====== SUPPLIED MATERIAL

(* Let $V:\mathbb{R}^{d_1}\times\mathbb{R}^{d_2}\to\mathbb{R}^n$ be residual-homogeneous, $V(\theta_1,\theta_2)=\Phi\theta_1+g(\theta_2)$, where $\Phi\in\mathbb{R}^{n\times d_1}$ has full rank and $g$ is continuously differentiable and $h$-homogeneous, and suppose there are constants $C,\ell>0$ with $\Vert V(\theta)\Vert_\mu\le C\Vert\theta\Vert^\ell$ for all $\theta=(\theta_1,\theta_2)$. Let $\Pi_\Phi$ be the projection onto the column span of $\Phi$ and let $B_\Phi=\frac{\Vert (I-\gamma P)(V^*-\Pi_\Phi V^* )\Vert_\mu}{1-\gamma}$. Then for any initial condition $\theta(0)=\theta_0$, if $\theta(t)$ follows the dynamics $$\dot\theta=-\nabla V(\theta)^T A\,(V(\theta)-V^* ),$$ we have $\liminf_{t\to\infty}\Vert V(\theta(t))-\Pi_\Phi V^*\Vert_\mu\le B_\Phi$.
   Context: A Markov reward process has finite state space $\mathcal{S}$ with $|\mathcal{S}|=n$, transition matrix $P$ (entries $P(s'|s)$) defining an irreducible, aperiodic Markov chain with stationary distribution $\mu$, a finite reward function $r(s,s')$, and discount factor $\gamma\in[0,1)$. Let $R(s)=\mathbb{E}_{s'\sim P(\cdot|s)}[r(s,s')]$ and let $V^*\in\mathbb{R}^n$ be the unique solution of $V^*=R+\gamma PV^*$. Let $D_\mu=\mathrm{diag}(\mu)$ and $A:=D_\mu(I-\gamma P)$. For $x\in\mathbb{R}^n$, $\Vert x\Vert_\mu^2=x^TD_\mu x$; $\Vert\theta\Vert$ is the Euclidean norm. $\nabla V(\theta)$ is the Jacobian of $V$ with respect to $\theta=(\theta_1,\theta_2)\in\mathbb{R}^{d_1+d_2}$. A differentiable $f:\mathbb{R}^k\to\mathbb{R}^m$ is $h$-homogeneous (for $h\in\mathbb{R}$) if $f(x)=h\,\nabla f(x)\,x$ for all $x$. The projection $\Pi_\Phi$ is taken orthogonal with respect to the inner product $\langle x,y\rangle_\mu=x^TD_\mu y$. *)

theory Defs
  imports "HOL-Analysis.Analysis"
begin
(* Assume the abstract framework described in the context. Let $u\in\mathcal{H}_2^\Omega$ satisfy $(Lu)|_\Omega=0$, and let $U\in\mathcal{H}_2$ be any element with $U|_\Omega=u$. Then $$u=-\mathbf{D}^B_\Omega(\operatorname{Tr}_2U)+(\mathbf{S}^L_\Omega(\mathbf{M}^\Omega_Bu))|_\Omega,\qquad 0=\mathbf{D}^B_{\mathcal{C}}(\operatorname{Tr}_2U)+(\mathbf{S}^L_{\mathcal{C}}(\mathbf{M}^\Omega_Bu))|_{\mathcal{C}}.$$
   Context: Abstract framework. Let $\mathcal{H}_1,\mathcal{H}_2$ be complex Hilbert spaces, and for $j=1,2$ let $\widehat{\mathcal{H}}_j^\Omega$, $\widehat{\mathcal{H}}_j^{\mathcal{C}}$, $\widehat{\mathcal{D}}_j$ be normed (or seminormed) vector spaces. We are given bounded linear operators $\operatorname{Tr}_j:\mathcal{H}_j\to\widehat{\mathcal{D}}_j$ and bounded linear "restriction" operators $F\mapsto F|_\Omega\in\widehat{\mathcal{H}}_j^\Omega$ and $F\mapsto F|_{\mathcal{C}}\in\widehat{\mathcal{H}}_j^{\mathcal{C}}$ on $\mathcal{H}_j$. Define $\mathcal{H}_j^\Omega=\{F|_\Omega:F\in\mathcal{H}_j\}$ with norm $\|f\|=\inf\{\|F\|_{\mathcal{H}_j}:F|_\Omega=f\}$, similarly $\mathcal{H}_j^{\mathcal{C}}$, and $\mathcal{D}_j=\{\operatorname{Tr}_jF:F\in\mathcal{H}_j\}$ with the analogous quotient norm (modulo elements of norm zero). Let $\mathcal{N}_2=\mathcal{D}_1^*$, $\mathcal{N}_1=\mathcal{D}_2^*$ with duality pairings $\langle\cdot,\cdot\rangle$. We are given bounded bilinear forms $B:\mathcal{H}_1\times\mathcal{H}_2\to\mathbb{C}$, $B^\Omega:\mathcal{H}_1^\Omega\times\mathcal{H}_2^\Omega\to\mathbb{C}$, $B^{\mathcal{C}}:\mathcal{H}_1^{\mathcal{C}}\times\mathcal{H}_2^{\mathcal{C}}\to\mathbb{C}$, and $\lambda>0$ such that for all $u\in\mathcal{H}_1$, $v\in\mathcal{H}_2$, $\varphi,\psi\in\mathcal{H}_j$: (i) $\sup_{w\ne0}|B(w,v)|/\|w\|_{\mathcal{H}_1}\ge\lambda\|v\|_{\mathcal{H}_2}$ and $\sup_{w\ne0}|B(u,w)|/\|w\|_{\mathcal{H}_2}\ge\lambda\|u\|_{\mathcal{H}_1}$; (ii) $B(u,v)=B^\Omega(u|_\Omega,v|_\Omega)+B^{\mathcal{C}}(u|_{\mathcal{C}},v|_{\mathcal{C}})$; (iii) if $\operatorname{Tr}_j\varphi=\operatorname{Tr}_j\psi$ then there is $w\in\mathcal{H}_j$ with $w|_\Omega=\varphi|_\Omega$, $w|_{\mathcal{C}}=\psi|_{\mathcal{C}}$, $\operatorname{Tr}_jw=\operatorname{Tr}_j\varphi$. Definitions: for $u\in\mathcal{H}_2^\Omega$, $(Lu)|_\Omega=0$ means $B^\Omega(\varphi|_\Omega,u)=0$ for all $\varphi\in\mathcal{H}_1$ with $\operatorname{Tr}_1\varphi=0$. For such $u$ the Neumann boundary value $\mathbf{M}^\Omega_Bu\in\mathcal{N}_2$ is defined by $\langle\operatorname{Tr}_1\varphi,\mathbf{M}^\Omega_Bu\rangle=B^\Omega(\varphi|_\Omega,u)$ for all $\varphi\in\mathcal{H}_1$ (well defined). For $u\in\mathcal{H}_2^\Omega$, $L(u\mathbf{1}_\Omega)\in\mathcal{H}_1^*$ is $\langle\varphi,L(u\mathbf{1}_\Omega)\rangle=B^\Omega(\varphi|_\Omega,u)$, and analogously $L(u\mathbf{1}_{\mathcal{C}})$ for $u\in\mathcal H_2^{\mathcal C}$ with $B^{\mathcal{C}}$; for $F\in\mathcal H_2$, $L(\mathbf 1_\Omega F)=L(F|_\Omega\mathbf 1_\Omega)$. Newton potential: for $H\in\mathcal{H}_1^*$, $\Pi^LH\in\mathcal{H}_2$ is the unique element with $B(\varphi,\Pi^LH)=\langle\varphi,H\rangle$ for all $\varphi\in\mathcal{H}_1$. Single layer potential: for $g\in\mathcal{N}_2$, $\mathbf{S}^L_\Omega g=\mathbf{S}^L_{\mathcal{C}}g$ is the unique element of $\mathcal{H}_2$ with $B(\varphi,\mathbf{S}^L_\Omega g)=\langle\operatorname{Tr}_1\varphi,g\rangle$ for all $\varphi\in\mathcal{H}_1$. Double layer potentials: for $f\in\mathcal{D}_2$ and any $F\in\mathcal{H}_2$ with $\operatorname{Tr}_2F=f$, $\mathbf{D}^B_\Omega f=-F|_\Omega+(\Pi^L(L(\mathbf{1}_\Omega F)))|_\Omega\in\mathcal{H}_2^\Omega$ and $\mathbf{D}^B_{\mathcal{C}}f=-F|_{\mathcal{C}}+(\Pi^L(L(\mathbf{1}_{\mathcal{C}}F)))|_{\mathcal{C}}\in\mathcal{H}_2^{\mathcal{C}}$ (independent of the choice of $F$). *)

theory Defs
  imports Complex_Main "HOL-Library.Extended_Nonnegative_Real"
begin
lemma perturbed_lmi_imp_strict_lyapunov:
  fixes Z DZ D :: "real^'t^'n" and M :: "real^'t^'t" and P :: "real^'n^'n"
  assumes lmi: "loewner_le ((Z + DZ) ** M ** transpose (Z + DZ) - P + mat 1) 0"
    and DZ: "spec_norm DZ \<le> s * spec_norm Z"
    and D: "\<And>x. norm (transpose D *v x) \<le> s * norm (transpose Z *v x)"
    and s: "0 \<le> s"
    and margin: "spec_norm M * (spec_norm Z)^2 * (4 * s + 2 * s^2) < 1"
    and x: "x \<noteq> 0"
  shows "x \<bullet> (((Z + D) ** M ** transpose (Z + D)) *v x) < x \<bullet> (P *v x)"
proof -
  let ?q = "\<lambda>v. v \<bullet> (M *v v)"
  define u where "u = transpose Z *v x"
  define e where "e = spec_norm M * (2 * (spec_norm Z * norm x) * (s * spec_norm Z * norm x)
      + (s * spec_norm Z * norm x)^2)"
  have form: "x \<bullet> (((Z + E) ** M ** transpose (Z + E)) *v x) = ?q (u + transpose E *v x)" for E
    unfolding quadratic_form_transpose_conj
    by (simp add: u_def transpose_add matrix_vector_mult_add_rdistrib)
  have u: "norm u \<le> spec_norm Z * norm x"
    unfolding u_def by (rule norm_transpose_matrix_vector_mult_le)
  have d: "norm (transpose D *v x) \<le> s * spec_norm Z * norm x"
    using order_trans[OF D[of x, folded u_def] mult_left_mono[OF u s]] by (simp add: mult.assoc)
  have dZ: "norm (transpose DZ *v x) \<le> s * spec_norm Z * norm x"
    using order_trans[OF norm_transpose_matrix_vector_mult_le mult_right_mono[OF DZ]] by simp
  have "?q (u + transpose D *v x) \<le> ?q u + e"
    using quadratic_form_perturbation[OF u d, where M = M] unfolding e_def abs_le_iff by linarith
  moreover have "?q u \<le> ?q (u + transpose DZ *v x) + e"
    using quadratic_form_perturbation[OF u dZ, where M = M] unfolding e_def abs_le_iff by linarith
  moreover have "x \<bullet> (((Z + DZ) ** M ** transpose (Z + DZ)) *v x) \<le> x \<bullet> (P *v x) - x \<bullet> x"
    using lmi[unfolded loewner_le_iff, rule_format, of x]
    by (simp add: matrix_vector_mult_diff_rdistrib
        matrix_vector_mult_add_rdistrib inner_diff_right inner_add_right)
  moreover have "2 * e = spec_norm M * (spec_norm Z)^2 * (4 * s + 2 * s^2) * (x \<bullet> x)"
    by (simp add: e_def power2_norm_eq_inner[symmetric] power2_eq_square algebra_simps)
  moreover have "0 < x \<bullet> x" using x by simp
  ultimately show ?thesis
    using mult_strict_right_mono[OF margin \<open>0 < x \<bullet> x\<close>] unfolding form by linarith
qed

============

Please transcribe exactly the line containing "- x \<bullet>" and every line after it through the end of the records, and nothing else.

» **THE ANSWER**
  moreover have "x \<bullet> (((Z + DZ) ** M ** transpose (Z + DZ)) *v x) \<le> x \<bullet> (P *v x) - x \<bullet> x"
    using lmi[unfolded loewner_le_iff, rule_format, of x]
    by (simp add: matrix_vector_mult_diff_rdistrib
        matrix_vector_mult_add_rdistrib inner_diff_right inner_add_right)
  moreover have "2 * e = spec_norm M * (spec_norm Z)^2 * (4 * s + 2 * s^2) * (x \<bullet> x)"
    by (simp add: e_def power2_norm_eq_inner[symmetric] power2_eq_square algebra_simps)
  moreover have "0 < x \<bullet> x" using x by simp
  ultimately show ?thesis
    using mult_strict_right_mono[OF margin \<open>0 < x \<bullet> x\<close>] unfolding form by linarith
qed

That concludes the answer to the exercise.